* **INFORMATION SUPPLIED**:
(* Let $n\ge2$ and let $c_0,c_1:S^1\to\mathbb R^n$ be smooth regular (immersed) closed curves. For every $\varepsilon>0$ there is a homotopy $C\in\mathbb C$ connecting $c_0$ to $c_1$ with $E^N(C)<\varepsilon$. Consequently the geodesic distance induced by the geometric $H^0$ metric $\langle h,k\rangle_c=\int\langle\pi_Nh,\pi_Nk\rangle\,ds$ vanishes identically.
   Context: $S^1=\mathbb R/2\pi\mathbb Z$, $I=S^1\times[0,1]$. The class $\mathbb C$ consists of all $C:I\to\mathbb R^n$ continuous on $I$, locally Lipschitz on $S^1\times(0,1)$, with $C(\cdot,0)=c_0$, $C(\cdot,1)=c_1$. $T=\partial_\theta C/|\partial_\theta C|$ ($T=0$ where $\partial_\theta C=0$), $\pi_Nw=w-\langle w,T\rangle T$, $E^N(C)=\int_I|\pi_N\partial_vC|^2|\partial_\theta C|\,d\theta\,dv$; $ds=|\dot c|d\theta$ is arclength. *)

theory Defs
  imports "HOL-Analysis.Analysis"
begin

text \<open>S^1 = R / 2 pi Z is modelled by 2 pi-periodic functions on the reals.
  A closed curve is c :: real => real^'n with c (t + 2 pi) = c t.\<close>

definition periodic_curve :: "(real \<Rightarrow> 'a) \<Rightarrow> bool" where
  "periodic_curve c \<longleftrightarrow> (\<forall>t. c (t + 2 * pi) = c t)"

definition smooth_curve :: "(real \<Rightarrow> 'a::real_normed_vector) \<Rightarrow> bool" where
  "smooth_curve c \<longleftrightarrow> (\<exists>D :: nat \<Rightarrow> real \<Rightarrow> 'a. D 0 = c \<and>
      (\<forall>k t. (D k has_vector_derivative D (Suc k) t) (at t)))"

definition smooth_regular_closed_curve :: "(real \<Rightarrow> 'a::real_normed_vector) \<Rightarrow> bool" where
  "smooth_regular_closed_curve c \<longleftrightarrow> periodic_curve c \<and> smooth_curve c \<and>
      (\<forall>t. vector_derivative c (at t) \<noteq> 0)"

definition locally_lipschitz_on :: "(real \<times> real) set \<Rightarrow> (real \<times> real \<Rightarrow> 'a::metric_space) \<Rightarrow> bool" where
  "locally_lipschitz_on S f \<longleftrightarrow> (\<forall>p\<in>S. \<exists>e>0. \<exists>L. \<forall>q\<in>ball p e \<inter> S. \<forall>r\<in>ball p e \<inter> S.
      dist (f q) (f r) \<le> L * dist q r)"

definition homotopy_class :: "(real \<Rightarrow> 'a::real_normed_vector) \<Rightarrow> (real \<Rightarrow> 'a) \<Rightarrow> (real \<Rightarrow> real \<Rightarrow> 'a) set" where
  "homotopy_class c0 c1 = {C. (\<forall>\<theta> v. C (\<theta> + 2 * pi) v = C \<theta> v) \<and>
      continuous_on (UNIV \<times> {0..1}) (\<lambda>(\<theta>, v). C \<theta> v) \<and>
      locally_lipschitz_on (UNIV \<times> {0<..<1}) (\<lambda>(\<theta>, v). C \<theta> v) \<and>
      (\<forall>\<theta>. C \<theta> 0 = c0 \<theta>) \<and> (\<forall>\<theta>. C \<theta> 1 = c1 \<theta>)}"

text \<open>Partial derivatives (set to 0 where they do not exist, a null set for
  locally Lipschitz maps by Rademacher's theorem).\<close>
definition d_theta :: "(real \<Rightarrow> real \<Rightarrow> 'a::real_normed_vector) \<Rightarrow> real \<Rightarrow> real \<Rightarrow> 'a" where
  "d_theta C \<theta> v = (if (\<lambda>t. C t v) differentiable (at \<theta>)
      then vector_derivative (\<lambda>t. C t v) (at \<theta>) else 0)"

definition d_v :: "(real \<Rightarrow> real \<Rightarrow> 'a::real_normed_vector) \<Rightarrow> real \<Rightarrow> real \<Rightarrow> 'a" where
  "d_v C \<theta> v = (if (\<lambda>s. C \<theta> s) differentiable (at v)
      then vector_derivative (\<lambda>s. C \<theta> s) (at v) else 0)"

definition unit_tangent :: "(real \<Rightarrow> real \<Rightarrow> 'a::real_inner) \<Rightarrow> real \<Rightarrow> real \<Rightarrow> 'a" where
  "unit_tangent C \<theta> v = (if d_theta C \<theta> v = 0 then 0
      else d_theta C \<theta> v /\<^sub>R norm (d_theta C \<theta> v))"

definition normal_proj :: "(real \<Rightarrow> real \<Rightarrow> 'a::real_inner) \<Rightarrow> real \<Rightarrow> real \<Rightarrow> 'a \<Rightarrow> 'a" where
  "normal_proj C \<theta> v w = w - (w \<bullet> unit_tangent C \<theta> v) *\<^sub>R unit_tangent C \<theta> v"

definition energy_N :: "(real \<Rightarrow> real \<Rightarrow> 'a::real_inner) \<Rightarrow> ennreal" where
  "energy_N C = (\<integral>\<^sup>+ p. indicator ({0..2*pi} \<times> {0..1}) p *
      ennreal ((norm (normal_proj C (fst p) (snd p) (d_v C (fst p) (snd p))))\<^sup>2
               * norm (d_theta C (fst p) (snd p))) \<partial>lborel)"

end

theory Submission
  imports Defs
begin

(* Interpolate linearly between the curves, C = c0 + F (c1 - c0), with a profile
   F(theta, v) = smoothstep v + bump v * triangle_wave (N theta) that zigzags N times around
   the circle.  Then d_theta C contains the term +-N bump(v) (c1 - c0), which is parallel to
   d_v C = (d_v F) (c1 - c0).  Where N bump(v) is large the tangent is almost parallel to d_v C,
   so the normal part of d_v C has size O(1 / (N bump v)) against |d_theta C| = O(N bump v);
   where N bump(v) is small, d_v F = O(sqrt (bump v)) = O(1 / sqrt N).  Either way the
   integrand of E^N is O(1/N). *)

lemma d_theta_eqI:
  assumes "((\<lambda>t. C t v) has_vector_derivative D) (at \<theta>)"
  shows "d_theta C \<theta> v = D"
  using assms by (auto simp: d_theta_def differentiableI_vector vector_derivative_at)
...
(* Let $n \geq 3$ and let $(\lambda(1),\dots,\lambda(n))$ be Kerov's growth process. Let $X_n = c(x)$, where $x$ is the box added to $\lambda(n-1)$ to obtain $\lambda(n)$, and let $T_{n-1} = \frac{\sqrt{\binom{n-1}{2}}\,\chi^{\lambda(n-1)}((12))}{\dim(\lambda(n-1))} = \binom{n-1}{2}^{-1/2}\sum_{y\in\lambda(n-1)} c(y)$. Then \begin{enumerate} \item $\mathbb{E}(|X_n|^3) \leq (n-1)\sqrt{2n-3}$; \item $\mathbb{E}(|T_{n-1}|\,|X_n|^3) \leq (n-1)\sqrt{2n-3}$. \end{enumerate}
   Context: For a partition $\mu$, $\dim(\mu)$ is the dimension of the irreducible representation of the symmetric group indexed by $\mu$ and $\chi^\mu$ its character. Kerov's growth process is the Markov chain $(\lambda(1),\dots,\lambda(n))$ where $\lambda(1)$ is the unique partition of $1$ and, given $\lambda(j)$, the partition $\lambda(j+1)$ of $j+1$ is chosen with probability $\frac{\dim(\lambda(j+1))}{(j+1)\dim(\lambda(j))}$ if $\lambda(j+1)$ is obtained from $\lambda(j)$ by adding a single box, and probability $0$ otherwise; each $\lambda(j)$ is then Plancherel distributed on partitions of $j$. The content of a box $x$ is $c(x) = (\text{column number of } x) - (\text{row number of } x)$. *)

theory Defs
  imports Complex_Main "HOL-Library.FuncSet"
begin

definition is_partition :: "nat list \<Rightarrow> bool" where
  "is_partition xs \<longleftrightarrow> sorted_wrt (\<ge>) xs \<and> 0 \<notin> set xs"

* **TASK STATEMENT**:
State how many lines of the data above contain the string "open", and give no other words.

* **ANSWER**:
2